Only an exact, complete copy of the listing will serve as the answer.
═══ DATA RECORDS ═══
lemma det_rec:
  assumes f: "det_PR k f" and g: "det_PR (k + 2) g"
    and H0: "\<And>ps. length ps = k \<Longrightarrow> H ps 0 = f ps"
    and HS: "\<And>ps y. length ps = k \<Longrightarrow> H ps (Suc y) = g (ps @ [y, H ps y])"
  shows "det_PR (k + 1) (\<lambda>xs. H (butlast xs) (last xs))"
proof -
  obtain f' where f': "(k, dirac f') \<in> PR" "\<And>xs. length xs = k \<Longrightarrow> f' xs = f xs"
    using f unfolding det_PR_def by blast
  obtain g' where g': "(k + 2, dirac g') \<in> PR" "\<And>xs. length xs = k + 2 \<Longrightarrow> g' xs = g xs"
    using g unfolding det_PR_def by blast
  have "(k + 1, rec_pf (dirac f') (dirac g')) \<in> PR"
    by (rule PR.recr[OF f'(1) g'(1)])
  also have "rec_pf (dirac f') (dirac g') = dirac (\<lambda>xs. nat_rec_list f' g' (butlast xs) (last xs))"
    unfolding rec_pf_def rec_aux_dirac by (simp add: dirac_def)
  finally have PR_rec: "(k + 1, dirac (\<lambda>xs. nat_rec_list f' g' (butlast xs) (last xs))) \<in> PR" .
  have "nat_rec_list f' g' ps y = H ps y" if "length ps = k" for ps y
    by (induction y) (use that f'(2) g'(2) H0 HS in auto)
  with PR_rec show ?thesis
    unfolding det_PR_def by (auto intro!: exI[of _ "\<lambda>xs. nat_rec_list f' g' (butlast xs) (last xs)"])
qed

lemma det_rec_comp:
  assumes "det_PR k f" and "det_PR (k + 2) g"
    and "\<And>ps. length ps = k \<Longrightarrow> H ps 0 = f ps"
    and "\<And>ps y. length ps = k \<Longrightarrow> H ps (Suc y) = g (ps @ [y, H ps y])"
    and "length as = k" and "\<forall>a\<in>set as. det_PR m a" and "det_PR m b"
  shows "det_PR m (\<lambda>xs. H (map (\<lambda>a. a xs) as) (b xs))"
proof -
  have "det_PR (k + 1) (\<lambda>xs. H (butlast xs) (last xs))"
    by (rule det_rec) fact+
  then have "det_PR m (\<lambda>xs. (\<lambda>zs. H (butlast zs) (last zs)) (map (\<lambda>a. a xs) (as @ [b])))"
    by (rule det_comp) (use assms in auto)
  then show ?thesis by simp
qed

lemma det_rec_unary:
  assumes HS: "\<And>y. H (Suc y) = g y (H y)"
    and g: "det_PR 2 (\<lambda>xs. g (xs ! 0) (xs ! 1))" and b: "det_PR m b"
  shows "det_PR m (\<lambda>xs. H (b xs))"
proof -
  have g3: "det_PR 3 (\<lambda>zs. g (zs ! 1) (zs ! 2))"
    by (rule det_comp2[OF g]) (simp_all add: det_proj)
  show ?thesis
    by (rule det_rec_comp[where k = 1 and H = "\<lambda>ps y. H y" and as = "[b]"
          and f = "\<lambda>_. H 0" and g = "\<lambda>zs. g (zs ! 1) (zs ! 2)"])
       (use g3 in \<open>simp_all add: HS nth_append det_const b numeral_3_eq_3\<close>)
qed

lemma det_rec_param:
  assumes HS: "\<And>x y. H x (Suc y) = g x y (H x y)"
    and "det_PR 1 (\<lambda>xs. H (xs ! 0) 0)" and "det_PR 3 (\<lambda>xs. g (xs ! 0) (xs ! 1) (xs ! 2))"
    and "det_PR m a" and "det_PR m b"
  shows "det_PR m (\<lambda>xs. H (a xs) (b xs))"
proof -
  have "det_PR m (\<lambda>xs. H (map (\<lambda>a. a xs) [a] ! 0) (b xs))"
    by (rule det_rec_comp[where k = 1 and H = "\<lambda>ps y. H (ps ! 0) y" and as = "[a]"
          and g = "\<lambda>zs. g (zs ! 0) (zs ! 1) (zs ! 2)"])
       (use assms in \<open>simp_all add: nth_append numeral_eq_Suc\<close>)
  then show ?thesis by simp
qed

lemma det_rec_param2:
  assumes HS: "\<And>x x' y. H x x' (Suc y) = g x x' y (H x x' y)"
    and "det_PR 2 (\<lambda>xs. H (xs ! 0) (xs ! 1) 0)"
    and "det_PR 4 (\<lambda>xs. g (xs ! 0) (xs ! 1) (xs ! 2) (xs ! 3))"
    and "det_PR m a" and "det_PR m a'" and "det_PR m b"
  shows "det_PR m (\<lambda>xs. H (a xs) (a' xs) (b xs))"
proof -
  have "det_PR m (\<lambda>xs. H (map (\<lambda>a. a xs) [a, a'] ! 0) (map (\<lambda>a. a xs) [a, a'] ! 1) (b xs))"
    by (rule det_rec_comp[where k = 2 and H = "\<lambda>ps y. H (ps ! 0) (ps ! 1) y" and as = "[a, a']"
          and g = "\<lambda>zs. g (zs ! 0) (zs ! 1) (zs ! 2) (zs ! 3)"])
       (use assms in \<open>simp_all add: nth_append numeral_eq_Suc\<close>)
  then show ?thesis by simp
qed

lemma det_add: "det_PR k a \<Longrightarrow> det_PR k b \<Longrightarrow> det_PR k (\<lambda>xs. a xs + b xs)"
  by (rule det_rec_param[where H = "(+)" and g = "\<lambda>x y r. Suc r"])
     (simp_all add: det_proj det_suc)

lemma det_double: "det_PR k a \<Longrightarrow> det_PR k (\<lambda>xs. 2 * a xs)"
  using det_add[of k a a] by (simp add: mult_2)

lemma det_pred: "det_PR k a \<Longrightarrow> det_PR k (\<lambda>xs. a xs - 1)"
  by (rule det_rec_unary[where g = "\<lambda>y r. y"]) (simp_all add: det_proj)

lemma det_sub: "det_PR k a \<Longrightarrow> det_PR k b \<Longrightarrow> det_PR k (\<lambda>xs. a xs - b xs)"
  by (rule det_rec_param[where H = "(-)" and g = "\<lambda>x y r. r - 1"])
     (simp_all add: det_proj det_pred[OF det_proj, simplified])

text \<open>Case distinction, by recursion on the condition with a constant step.\<close>
lemma det_if_zero:
  "det_PR k c \<Longrightarrow> det_PR k a \<Longrightarrow> det_PR k b \<Longrightarrow>
    det_PR k (\<lambda>xs. if c xs = 0 then a xs else b xs)"
  by (rule det_rec_param2[where H = "\<lambda>x x' z. if z = 0 then x else x'" and g = "\<lambda>x x' y r. x'"])
     (simp_all add: det_proj)

lemma det_if_le:
  assumes "det_PR k c" "det_PR k d" "det_PR k a" "det_PR k b"
  shows "det_PR k (\<lambda>xs. if c xs \<le> d xs then a xs else b xs)"
  using det_if_zero[OF det_sub[OF assms(1,2)] assms(3,4)] by simp

lemma det_triangle: "det_PR k a \<Longrightarrow> det_PR k (\<lambda>xs. triangle (a xs))"
  by (rule det_rec_unary[where g = "\<lambda>y r. r + Suc y"])
     (simp_all add: det_add det_suc det_proj)

lemmas det_intros =
  det_proj det_const det_suc det_add det_double det_pred det_sub det_if_zero det_if_le det_triangle

section \<open>Decoding the pairing\<close>

text \<open>The largest s with triangle s \<le> n, computed by recursion on n; the Cantor code n of (a, b)
  satisfies n = triangle (a + b) + a, so a and b are recovered from s = a + b.\<close>
primrec tri_root :: "nat \<Rightarrow> nat" where
  "tri_root 0 = 0"
| "tri_root (Suc n) = (if triangle (tri_root n) + tri_root n \<le> n then Suc (tri_root n) else tri_root n)"

lemma tri_root_bounds: "triangle (tri_root n) \<le> n \<and> n \<le> triangle (tri_root n) + tri_root n"
  by (induction n) auto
═══
> _REPLY_
lemma det_rec:
  assumes f: "det_PR k f" and g: "det_PR (k + 2) g"
    and H0: "\<And>ps. length ps = k \<Longrightarrow> H ps 0 = f ps"
    and HS: "\<And>ps y. length ps = k \<Longrightarrow> H ps (Suc y) = g (ps @ [y, H ps y])"
  shows "det_PR (k + 1) (\<lambda>xs. H (butlast xs) (last xs))"
proof -
  obtain f' where f': "(k, dirac f') \<in> PR" "\<And>xs. length xs = k \<Longrightarrow> f' xs = f xs"
    using f unfolding det_PR_def by blast
  obtain g' where g': "(k + 2, dirac g') \<in> PR" "\<And>xs. length xs = k + 2 \<Longrightarrow> g' xs = g xs"
    using g unfolding det_PR_def by blast
  have "(k + 1, rec_pf (dirac f') (dirac g')) \<in> PR"
    by (rule PR.recr[OF f'(1) g'(1)])
  also have "rec_pf (dirac f') (dirac g') = dirac (\<lambda>xs. nat_rec_list f' g' (butlast xs) (last xs))"
    unfolding rec_pf_def rec_aux_dirac by (simp add: dirac_def)
  finally have PR_rec: "(k + 1, dirac (\<lambda>xs. nat_rec_list f' g' (butlast xs) (last xs))) \<in> PR" .
  have "nat_rec_list f' g' ps y = H ps y" if "length ps = k" for ps y
    by (induction y) (use that f'(2) g'(2) H0 HS in auto)
  with PR_rec show ?thesis
    unfolding det_PR_def by (auto intro!: exI[of _ "\<lambda>xs. nat_rec_list f' g' (butlast xs) (last xs)"])
qed

lemma det_rec_comp:
  assumes "det_PR k f" and "det_PR (k + 2) g"
    and "\<And>ps. length ps = k \<Longrightarrow> H ps 0 = f ps"
    and "\<And>ps y. length ps = k \<Longrightarrow> H ps (Suc y) = g (ps @ [y, H ps y])"
    and "length as = k" and "\<forall>a\<in>set as. det_PR m a" and "det_PR m b"
  shows "det_PR m (\<lambda>xs. H (map (\<lambda>a. a xs) as) (b xs))"
proof -
  have "det_PR (k + 1) (\<lambda>xs. H (butlast xs) (last xs))"
    by (rule det_rec) fact+
  then have "det_PR m (\<lambda>xs. (\<lambda>zs. H (butlast zs) (last zs)) (map (\<lambda>a. a xs) (as @ [b])))"
    by (rule det_comp) (use assms in auto)
  then show ?thesis by simp
qed

lemma det_rec_unary:
  assumes HS: "\<And>y. H (Suc y) = g y (H y)"
    and g: "det_PR 2 (\<lambda>xs. g (xs ! 0) (xs ! 1))" and b: "det_PR m b"
  shows "det_PR m (\<lambda>xs. H (b xs))"
proof -
  have g3: "det_PR 3 (\<lambda>zs. g (zs ! 1) (zs ! 2))"
    by (rule det_comp2[OF g]) (simp_all add: det_proj)
  show ?thesis
    by (rule det_rec_comp[where k = 1 and H = "\<lambda>ps y. H y" and as = "[b]"
          and f = "\<lambda>_. H 0" and g = "\<lambda>zs. g (zs ! 1) (zs ! 2)"])
       (use g3 in \<open>simp_all add: HS nth_append det_const b numeral_3_eq_3\<close>)
qed

lemma det_rec_param:
  assumes HS: "\<And>x y. H x (Suc y) = g x y (H x y)"
    and "det_PR 1 (\<lambda>xs. H (xs ! 0) 0)" and "det_PR 3 (\<lambda>xs. g (xs ! 0) (xs ! 1) (xs ! 2))"
    and "det_PR m a" and "det_PR m b"
  shows "det_PR m (\<lambda>xs. H (a xs) (b xs))"
proof -
  have "det_PR m (\<lambda>xs. H (map (\<lambda>a. a xs) [a] ! 0) (b xs))"
    by (rule det_rec_comp[where k = 1 and H = "\<lambda>ps y. H (ps ! 0) y" and as = "[a]"
          and g = "\<lambda>zs. g (zs ! 0) (zs ! 1) (zs ! 2)"])
       (use assms in \<open>simp_all add: nth_append numeral_eq_Suc\<close>)
  then show ?thesis by simp
qed

lemma det_rec_param2:
  assumes HS: "\<And>x x' y. H x x' (Suc y) = g x x' y (H x x' y)"
    and "det_PR 2 (\<lambda>xs. H (xs ! 0) (xs ! 1) 0)"
    and "det_PR 4 (\<lambda>xs. g (xs ! 0) (xs ! 1) (xs ! 2) (xs ! 3))"
    and "det_PR m a" and "det_PR m a'" and "det_PR m b"
  shows "det_PR m (\<lambda>xs. H (a xs) (a' xs) (b xs))"
proof -
  have "det_PR m (\<lambda>xs. H (map (\<lambda>a. a xs) [a, a'] ! 0) (map (\<lambda>a. a xs) [a, a'] ! 1) (b xs))"
    by (rule det_rec_comp[where k = 2 and H = "\<lambda>ps y. H (ps ! 0) (ps ! 1) y" and as = "[a, a']"
          and g = "\<lambda>zs. g (zs ! 0) (zs ! 1) (zs ! 2) (zs ! 3)"])
       (use assms in \<open>simp_all add: nth_append numeral_eq_Suc\<close>)
  then show ?thesis by simp
qed

lemma det_add: "det_PR k a \<Longrightarrow> det_PR k b \<Longrightarrow> det_PR k (\<lambda>xs. a xs + b xs)"
  by (rule det_rec_param[where H = "(+)" and g = "\<lambda>x y r. Suc r"])
     (simp_all add: det_proj det_suc)

lemma det_double: "det_PR k a \<Longrightarrow> det_PR k (\<lambda>xs. 2 * a xs)"
  using det_add[of k a a] by (simp add: mult_2)

lemma det_pred: "det_PR k a \<Longrightarrow> det_PR k (\<lambda>xs. a xs - 1)"
  by (rule det_rec_unary[where g = "\<lambda>y r. y"]) (simp_all add: det_proj)

lemma det_sub: "det_PR k a \<Longrightarrow> det_PR k b \<Longrightarrow> det_PR k (\<lambda>xs. a xs - b xs)"
  by (rule det_rec_param[where H = "(-)" and g = "\<lambda>x y r. r - 1"])
     (simp_all add: det_proj det_pred[OF det_proj, simplified])

text \<open>Case distinction, by recursion on the condition with a constant step.\<close>
lemma det_if_zero:
  "det_PR k c \<Longrightarrow> det_PR k a \<Longrightarrow> det_PR k b \<Longrightarrow>
    det_PR k (\<lambda>xs. if c xs = 0 then a xs else b xs)"
  by (rule det_rec_param2[where H = "\<lambda>x x' z. if z = 0 then x else x'" and g = "\<lambda>x x' y r. x'"])
     (simp_all add: det_proj)

lemma det_if_le:
  assumes "det_PR k c" "det_PR k d" "det_PR k a" "det_PR k b"
  shows "det_PR k (\<lambda>xs. if c xs \<le> d xs then a xs else b xs)"
  using det_if_zero[OF det_sub[OF assms(1,2)] assms(3,4)] by simp

lemma det_triangle: "det_PR k a \<Longrightarrow> det_PR k (\<lambda>xs. triangle (a xs))"
  by (rule det_rec_unary[where g = "\<lambda>y r. r + Suc y"])
     (simp_all add: det_add det_suc det_proj)

lemmas det_intros =
  det_proj det_const det_suc det_add det_double det_pred det_sub det_if_zero det_if_le det_triangle

section \<open>Decoding the pairing\<close>

text \<open>The largest s with triangle s \<le> n, computed by recursion on n; the Cantor code n of (a, b)
  satisfies n = triangle (a + b) + a, so a and b are recovered from s = a + b.\<close>
primrec tri_root :: "nat \<Rightarrow> nat" where
  "tri_root 0 = 0"
| "tri_root (Suc n) = (if triangle (tri_root n) + tri_root n \<le> n then Suc (tri_root n) else tri_root n)"

lemma tri_root_bounds: "triangle (tri_root n) \<le> n \<and> n \<le> triangle (tri_root n) + tri_root n"
  by (induction n) auto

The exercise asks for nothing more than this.